DESCRIPTION OF THE TASK » The output is the lines below from the one with "Neq s t \<in>" through the one with "with Eq show ?thesis", both included, printed exactly and with no other line.

PROVIDED DATA »
━━━━━━━━
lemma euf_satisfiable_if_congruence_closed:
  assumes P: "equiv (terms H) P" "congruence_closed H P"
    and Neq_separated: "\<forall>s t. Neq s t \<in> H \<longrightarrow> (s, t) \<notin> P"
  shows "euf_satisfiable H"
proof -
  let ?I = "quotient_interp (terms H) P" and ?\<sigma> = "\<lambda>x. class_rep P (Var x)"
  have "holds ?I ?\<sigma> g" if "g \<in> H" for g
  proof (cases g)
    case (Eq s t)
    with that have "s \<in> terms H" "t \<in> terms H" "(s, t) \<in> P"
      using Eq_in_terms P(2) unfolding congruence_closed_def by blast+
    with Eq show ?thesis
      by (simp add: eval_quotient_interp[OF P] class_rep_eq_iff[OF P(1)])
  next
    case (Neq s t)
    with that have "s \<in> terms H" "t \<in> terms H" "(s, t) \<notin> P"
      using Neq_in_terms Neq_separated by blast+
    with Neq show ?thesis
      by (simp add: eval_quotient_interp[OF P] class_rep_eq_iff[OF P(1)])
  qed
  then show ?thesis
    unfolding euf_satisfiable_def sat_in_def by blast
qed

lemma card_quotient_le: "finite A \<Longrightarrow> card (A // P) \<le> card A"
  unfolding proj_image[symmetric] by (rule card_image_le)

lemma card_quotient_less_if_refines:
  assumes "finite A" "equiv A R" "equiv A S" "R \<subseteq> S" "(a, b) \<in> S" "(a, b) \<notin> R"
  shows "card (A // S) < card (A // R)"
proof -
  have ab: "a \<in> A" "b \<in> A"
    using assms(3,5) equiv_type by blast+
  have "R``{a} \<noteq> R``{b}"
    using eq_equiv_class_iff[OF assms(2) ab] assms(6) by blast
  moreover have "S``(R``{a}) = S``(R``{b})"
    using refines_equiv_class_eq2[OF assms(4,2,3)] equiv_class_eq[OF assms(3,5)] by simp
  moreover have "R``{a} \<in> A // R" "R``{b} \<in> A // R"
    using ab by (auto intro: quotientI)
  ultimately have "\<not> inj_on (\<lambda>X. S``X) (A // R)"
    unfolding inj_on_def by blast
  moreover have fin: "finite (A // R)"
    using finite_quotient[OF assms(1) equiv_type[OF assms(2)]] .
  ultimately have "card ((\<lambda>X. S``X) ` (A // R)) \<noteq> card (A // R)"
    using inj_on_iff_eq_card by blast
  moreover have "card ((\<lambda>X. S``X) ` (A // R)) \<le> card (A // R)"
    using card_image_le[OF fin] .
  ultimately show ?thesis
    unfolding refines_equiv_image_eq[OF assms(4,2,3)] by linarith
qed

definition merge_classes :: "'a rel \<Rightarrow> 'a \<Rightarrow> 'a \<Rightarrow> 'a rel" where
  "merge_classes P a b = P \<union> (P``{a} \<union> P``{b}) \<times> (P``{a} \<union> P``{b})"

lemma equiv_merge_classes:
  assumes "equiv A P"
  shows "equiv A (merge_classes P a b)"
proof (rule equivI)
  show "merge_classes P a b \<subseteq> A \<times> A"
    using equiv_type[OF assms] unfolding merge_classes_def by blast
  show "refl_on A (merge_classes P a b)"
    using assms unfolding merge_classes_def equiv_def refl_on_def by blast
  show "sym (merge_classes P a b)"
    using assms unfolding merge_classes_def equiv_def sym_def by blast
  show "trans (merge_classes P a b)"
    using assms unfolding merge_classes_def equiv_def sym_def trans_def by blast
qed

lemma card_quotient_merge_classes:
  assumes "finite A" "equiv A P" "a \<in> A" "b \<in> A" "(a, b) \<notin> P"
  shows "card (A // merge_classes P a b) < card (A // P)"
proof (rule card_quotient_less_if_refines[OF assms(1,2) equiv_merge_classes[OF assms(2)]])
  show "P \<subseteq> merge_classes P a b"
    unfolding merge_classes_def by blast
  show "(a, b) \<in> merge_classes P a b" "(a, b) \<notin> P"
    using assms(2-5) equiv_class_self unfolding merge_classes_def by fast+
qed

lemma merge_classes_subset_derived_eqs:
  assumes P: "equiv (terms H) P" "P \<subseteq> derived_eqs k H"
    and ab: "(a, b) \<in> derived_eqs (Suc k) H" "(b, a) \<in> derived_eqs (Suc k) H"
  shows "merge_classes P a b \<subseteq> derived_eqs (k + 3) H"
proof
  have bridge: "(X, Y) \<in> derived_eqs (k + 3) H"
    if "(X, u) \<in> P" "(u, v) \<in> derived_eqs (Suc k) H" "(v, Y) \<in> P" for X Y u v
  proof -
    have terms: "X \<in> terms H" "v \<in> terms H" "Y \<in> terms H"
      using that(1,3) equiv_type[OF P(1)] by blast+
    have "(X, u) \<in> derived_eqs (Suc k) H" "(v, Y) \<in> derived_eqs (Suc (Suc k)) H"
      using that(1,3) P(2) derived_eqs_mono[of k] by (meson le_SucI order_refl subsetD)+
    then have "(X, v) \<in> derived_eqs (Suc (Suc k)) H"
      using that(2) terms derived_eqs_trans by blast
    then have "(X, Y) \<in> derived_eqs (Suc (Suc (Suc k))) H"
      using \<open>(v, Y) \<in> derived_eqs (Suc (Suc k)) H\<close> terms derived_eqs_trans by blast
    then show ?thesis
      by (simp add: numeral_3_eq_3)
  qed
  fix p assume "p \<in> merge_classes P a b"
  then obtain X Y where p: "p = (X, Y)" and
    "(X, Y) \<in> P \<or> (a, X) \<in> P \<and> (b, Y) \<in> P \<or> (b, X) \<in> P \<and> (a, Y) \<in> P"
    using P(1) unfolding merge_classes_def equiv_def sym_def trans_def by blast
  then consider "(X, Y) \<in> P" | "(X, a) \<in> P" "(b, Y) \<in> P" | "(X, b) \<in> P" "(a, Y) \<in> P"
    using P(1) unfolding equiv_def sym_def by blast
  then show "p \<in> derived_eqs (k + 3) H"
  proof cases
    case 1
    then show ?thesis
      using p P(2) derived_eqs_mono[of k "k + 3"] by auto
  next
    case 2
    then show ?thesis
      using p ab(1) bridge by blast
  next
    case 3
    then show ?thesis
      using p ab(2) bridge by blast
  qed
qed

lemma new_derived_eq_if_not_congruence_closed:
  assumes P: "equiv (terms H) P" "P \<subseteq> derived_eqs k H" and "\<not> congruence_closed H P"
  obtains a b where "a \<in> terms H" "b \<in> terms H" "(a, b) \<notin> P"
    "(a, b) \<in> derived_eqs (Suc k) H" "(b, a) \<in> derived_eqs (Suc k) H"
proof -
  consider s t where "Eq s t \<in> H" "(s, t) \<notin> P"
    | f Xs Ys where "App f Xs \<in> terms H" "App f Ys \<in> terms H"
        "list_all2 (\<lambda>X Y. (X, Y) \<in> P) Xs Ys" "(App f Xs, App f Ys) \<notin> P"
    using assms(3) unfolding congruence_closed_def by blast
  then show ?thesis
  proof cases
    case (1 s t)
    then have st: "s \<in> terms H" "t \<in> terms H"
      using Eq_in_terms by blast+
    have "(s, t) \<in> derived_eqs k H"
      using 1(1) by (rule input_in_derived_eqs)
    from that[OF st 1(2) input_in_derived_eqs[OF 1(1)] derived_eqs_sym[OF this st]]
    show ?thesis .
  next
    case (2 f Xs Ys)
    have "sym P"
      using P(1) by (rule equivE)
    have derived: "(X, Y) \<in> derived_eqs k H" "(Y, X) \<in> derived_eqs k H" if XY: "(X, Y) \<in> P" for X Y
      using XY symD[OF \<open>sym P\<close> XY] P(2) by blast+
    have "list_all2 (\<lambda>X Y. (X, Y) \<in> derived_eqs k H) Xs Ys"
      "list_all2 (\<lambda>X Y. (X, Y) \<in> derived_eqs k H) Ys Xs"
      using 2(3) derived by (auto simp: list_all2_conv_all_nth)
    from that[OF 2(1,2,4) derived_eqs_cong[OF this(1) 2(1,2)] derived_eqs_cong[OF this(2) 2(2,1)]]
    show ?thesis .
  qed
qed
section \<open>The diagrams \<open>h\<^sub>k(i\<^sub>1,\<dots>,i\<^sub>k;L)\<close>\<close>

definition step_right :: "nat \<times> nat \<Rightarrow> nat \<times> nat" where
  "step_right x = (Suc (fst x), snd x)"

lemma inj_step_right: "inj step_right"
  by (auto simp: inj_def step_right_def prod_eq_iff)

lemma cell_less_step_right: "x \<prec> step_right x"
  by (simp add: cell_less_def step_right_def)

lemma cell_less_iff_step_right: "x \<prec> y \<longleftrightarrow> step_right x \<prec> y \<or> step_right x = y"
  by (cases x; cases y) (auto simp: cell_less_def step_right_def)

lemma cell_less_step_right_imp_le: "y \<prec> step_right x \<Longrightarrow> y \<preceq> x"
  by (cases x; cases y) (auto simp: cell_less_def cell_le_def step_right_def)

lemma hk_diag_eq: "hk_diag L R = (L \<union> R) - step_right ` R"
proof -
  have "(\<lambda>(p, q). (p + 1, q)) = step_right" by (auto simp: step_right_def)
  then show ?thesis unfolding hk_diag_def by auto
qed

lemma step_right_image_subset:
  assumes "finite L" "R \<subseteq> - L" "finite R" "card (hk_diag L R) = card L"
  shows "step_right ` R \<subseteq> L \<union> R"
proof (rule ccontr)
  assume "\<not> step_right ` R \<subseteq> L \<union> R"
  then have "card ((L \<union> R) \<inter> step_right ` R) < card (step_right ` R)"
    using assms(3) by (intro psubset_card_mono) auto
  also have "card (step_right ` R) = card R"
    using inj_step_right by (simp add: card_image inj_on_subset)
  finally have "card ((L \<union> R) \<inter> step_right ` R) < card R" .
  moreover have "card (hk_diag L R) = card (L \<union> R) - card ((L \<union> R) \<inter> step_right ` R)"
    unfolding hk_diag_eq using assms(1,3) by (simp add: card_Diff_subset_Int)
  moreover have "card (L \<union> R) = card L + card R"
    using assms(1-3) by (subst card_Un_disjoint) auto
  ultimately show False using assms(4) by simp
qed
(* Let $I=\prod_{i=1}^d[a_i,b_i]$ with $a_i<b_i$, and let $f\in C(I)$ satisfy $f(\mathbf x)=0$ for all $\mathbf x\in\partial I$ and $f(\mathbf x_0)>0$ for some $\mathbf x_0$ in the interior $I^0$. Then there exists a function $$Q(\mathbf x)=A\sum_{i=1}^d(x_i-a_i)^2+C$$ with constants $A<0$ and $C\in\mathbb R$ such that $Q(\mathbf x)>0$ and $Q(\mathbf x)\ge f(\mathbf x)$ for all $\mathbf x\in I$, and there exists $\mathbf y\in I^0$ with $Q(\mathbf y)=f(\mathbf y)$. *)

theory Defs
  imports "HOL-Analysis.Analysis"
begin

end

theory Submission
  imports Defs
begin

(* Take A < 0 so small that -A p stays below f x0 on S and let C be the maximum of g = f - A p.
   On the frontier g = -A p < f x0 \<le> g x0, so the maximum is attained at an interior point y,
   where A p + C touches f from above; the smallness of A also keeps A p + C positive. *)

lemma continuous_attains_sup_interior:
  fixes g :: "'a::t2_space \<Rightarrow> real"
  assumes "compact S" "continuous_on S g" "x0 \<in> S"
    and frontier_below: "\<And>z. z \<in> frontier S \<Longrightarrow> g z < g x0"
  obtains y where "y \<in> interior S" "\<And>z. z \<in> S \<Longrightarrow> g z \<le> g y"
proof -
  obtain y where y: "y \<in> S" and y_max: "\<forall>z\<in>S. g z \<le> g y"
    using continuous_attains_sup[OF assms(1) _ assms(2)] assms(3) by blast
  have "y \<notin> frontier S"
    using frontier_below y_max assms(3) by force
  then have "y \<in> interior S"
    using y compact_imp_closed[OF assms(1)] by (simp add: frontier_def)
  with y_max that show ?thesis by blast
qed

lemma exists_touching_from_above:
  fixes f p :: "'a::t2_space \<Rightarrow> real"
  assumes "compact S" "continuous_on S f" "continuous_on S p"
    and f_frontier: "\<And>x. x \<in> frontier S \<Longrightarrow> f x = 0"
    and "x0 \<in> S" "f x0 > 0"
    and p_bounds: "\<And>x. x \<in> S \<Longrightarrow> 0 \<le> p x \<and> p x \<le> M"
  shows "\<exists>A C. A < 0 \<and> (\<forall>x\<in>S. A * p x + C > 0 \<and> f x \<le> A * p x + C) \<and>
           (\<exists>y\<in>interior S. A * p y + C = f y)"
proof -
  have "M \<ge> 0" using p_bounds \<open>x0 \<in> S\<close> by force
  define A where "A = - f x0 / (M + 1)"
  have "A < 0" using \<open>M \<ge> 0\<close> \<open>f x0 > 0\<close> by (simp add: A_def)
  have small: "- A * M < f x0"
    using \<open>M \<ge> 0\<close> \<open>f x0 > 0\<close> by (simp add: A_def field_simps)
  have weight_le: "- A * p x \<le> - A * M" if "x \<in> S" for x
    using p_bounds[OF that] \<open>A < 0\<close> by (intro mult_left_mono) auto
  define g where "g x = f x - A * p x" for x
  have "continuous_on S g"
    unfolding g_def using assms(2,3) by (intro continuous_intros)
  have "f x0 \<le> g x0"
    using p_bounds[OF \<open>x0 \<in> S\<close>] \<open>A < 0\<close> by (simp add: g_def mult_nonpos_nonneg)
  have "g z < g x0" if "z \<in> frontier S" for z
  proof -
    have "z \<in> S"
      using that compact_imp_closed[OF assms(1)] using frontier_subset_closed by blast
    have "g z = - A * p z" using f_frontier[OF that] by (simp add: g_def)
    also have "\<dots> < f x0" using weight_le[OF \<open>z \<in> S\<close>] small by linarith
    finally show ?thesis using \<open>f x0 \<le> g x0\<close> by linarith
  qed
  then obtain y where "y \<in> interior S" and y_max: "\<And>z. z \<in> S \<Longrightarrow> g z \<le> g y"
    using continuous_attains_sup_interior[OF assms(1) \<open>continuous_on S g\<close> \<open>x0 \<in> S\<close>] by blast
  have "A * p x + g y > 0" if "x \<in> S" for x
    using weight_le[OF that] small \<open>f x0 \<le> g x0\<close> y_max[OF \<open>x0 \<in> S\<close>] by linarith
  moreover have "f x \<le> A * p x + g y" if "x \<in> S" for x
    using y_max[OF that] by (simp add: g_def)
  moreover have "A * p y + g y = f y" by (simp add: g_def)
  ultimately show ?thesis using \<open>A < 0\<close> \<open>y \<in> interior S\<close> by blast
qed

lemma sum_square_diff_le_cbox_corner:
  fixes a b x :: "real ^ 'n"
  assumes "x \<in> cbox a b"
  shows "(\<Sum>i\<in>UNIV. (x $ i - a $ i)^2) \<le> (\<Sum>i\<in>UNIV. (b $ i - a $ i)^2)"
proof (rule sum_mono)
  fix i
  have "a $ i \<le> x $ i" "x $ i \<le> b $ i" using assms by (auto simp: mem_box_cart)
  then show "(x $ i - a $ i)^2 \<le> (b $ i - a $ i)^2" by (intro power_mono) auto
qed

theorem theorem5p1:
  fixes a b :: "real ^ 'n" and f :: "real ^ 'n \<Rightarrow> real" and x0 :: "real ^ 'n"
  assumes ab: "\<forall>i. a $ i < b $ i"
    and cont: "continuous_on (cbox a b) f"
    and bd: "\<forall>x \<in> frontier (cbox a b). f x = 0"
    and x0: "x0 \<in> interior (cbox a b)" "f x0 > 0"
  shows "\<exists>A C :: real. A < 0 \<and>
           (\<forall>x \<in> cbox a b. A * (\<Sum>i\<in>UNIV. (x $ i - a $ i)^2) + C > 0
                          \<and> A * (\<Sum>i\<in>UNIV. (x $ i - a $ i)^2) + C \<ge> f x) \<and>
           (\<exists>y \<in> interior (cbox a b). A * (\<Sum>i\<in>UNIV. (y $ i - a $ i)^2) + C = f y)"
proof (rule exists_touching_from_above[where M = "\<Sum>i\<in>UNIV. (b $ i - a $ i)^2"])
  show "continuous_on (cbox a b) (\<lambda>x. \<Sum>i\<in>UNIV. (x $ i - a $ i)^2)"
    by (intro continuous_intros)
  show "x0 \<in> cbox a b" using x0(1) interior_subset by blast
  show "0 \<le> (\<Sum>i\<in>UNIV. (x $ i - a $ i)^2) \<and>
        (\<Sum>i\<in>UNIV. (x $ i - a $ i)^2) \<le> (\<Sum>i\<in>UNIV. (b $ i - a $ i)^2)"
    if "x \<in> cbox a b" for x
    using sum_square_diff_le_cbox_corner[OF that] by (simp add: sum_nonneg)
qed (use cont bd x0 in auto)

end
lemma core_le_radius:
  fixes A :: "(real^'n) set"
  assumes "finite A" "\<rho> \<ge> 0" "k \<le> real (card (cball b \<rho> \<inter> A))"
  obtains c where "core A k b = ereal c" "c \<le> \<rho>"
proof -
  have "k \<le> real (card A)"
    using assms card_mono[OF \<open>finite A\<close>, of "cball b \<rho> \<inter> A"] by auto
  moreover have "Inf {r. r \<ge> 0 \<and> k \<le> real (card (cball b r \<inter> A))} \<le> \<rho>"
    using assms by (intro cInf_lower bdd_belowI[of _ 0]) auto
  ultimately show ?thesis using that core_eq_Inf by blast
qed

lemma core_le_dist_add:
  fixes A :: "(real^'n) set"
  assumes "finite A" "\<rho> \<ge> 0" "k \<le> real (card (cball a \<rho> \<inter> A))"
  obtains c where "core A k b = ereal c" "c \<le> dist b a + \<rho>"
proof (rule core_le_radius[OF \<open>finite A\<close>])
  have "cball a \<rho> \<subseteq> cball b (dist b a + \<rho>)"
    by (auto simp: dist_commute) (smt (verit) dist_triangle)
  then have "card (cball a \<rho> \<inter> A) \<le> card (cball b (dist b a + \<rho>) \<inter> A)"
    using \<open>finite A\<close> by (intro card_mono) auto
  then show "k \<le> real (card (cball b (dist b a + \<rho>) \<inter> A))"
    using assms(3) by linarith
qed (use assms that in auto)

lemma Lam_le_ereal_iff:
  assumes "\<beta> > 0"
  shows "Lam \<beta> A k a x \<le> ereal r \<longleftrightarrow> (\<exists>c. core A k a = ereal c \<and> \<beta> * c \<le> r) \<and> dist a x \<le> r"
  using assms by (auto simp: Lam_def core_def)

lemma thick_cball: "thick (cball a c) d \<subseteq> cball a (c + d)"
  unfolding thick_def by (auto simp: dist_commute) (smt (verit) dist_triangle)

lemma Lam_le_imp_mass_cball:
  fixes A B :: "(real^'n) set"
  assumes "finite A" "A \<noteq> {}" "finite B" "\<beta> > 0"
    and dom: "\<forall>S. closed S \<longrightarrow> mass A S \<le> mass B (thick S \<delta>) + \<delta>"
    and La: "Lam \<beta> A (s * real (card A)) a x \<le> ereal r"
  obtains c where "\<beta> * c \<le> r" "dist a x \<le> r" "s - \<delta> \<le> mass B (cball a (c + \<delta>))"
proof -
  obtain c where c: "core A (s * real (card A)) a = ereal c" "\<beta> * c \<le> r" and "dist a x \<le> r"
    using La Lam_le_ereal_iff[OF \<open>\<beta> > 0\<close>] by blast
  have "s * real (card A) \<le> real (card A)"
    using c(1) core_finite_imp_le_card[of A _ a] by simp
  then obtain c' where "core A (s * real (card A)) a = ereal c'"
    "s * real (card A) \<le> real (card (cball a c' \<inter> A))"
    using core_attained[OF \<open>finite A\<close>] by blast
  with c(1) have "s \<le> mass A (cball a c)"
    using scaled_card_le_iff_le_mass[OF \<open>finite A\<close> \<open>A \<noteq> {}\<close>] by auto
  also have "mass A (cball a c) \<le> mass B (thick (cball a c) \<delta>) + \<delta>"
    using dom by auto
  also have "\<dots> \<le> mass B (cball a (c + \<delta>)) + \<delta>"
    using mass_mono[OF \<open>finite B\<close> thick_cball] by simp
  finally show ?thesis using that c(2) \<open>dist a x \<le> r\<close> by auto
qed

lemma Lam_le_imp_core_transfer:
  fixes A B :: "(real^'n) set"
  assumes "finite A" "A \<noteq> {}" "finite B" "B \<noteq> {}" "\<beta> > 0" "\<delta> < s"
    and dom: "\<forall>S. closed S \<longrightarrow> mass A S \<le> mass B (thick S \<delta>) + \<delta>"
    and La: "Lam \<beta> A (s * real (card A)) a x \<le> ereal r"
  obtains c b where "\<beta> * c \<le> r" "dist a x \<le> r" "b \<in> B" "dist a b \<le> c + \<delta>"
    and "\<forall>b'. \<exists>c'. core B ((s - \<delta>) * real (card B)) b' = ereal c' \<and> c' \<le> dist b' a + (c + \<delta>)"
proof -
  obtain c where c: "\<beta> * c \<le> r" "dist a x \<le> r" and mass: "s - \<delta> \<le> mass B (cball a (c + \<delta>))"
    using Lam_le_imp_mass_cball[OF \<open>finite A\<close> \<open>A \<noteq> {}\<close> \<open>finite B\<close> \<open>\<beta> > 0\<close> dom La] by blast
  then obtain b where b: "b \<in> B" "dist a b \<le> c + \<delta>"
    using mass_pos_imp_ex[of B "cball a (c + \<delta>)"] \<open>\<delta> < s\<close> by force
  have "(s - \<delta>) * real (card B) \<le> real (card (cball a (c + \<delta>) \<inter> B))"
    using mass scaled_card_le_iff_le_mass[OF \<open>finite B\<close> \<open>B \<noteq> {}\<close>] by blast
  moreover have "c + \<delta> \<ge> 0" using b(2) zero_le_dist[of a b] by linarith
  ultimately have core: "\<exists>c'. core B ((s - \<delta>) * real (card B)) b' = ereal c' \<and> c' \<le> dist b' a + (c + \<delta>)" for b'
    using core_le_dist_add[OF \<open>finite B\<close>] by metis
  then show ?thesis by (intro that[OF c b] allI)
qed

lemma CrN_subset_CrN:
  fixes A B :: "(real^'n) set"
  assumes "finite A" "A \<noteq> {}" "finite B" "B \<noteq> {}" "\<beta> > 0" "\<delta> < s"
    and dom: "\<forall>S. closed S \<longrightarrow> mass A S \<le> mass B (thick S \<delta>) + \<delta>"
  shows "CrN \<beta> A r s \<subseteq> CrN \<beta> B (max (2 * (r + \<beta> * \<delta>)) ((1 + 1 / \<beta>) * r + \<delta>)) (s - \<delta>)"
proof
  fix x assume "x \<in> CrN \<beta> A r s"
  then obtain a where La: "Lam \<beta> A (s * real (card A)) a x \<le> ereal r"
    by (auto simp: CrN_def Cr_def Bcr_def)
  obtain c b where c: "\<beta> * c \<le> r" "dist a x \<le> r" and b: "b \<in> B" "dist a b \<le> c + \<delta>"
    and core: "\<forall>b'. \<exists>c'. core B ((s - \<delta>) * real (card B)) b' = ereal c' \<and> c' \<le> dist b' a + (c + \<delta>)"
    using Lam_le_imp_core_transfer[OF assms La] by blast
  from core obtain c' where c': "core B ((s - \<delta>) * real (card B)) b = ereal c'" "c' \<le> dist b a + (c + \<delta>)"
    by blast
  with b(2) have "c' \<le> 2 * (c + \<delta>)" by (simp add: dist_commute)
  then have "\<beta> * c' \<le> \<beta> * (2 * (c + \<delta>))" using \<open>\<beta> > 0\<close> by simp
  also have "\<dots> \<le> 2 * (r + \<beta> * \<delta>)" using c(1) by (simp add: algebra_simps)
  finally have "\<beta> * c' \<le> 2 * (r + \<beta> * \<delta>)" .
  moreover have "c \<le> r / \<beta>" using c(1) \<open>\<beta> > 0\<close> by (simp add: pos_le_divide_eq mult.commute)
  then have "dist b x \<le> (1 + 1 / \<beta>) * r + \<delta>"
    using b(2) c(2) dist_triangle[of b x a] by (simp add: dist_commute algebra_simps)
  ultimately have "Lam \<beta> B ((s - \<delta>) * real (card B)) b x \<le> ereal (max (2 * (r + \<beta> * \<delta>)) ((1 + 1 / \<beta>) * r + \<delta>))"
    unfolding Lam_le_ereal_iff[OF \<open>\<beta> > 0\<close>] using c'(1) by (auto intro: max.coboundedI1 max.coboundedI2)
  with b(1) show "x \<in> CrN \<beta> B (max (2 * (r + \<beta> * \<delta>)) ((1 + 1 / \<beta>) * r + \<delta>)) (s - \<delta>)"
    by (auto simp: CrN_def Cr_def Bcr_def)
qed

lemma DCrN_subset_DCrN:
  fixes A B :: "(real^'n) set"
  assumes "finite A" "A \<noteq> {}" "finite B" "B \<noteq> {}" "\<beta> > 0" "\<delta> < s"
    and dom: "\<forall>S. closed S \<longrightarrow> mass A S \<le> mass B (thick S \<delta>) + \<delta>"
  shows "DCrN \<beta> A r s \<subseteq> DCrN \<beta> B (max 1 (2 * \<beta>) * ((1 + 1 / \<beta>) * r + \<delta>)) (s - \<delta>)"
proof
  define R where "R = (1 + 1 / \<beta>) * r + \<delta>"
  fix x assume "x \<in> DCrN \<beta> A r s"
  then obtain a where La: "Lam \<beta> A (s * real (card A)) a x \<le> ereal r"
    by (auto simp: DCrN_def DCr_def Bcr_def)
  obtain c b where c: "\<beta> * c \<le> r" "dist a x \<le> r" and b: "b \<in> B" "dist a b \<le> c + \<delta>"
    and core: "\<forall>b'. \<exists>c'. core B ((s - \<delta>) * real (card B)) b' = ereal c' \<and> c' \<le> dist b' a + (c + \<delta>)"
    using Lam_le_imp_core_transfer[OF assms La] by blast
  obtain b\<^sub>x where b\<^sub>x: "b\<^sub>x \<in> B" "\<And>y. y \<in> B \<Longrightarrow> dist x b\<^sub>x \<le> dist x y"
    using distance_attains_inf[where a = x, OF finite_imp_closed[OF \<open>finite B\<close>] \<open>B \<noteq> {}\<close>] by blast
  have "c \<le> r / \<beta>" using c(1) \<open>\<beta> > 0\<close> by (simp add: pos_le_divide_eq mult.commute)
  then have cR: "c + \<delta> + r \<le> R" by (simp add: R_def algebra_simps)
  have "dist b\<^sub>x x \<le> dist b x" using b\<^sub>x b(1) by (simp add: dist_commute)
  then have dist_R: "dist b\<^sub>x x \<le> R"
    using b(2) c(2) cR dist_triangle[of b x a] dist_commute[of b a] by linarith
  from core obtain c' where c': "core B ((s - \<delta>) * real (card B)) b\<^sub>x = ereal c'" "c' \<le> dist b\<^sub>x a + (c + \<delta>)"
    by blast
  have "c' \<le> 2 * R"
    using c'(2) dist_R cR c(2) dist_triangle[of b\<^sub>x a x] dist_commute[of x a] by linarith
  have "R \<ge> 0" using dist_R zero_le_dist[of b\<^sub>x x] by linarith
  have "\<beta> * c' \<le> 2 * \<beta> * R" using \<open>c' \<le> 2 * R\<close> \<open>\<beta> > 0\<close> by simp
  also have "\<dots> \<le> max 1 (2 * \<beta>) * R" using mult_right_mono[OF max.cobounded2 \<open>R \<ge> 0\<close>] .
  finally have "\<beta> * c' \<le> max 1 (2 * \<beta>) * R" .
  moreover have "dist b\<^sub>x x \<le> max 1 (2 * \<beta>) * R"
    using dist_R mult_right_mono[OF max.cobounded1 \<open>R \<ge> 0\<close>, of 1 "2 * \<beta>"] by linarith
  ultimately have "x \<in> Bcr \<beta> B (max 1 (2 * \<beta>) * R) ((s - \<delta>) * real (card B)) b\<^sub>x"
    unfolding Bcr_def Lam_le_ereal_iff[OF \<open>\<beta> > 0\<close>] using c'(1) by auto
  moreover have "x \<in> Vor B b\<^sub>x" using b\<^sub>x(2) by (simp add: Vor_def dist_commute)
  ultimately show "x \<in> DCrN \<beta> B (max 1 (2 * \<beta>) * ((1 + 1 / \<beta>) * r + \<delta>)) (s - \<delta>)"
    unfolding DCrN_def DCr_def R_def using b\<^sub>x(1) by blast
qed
━━━━━━━━
RESULT OF THIS TASK »
    and Neq_separated: "\<forall>s t. Neq s t \<in> H \<longrightarrow> (s, t) \<notin> P"
  shows "euf_satisfiable H"
proof -
  let ?I = "quotient_interp (terms H) P" and ?\<sigma> = "\<lambda>x. class_rep P (Var x)"
  have "holds ?I ?\<sigma> g" if "g \<in> H" for g
  proof (cases g)
    case (Eq s t)
    with that have "s \<in> terms H" "t \<in> terms H" "(s, t) \<in> P"
      using Eq_in_terms P(2) unfolding congruence_closed_def by blast+
    with Eq show ?thesis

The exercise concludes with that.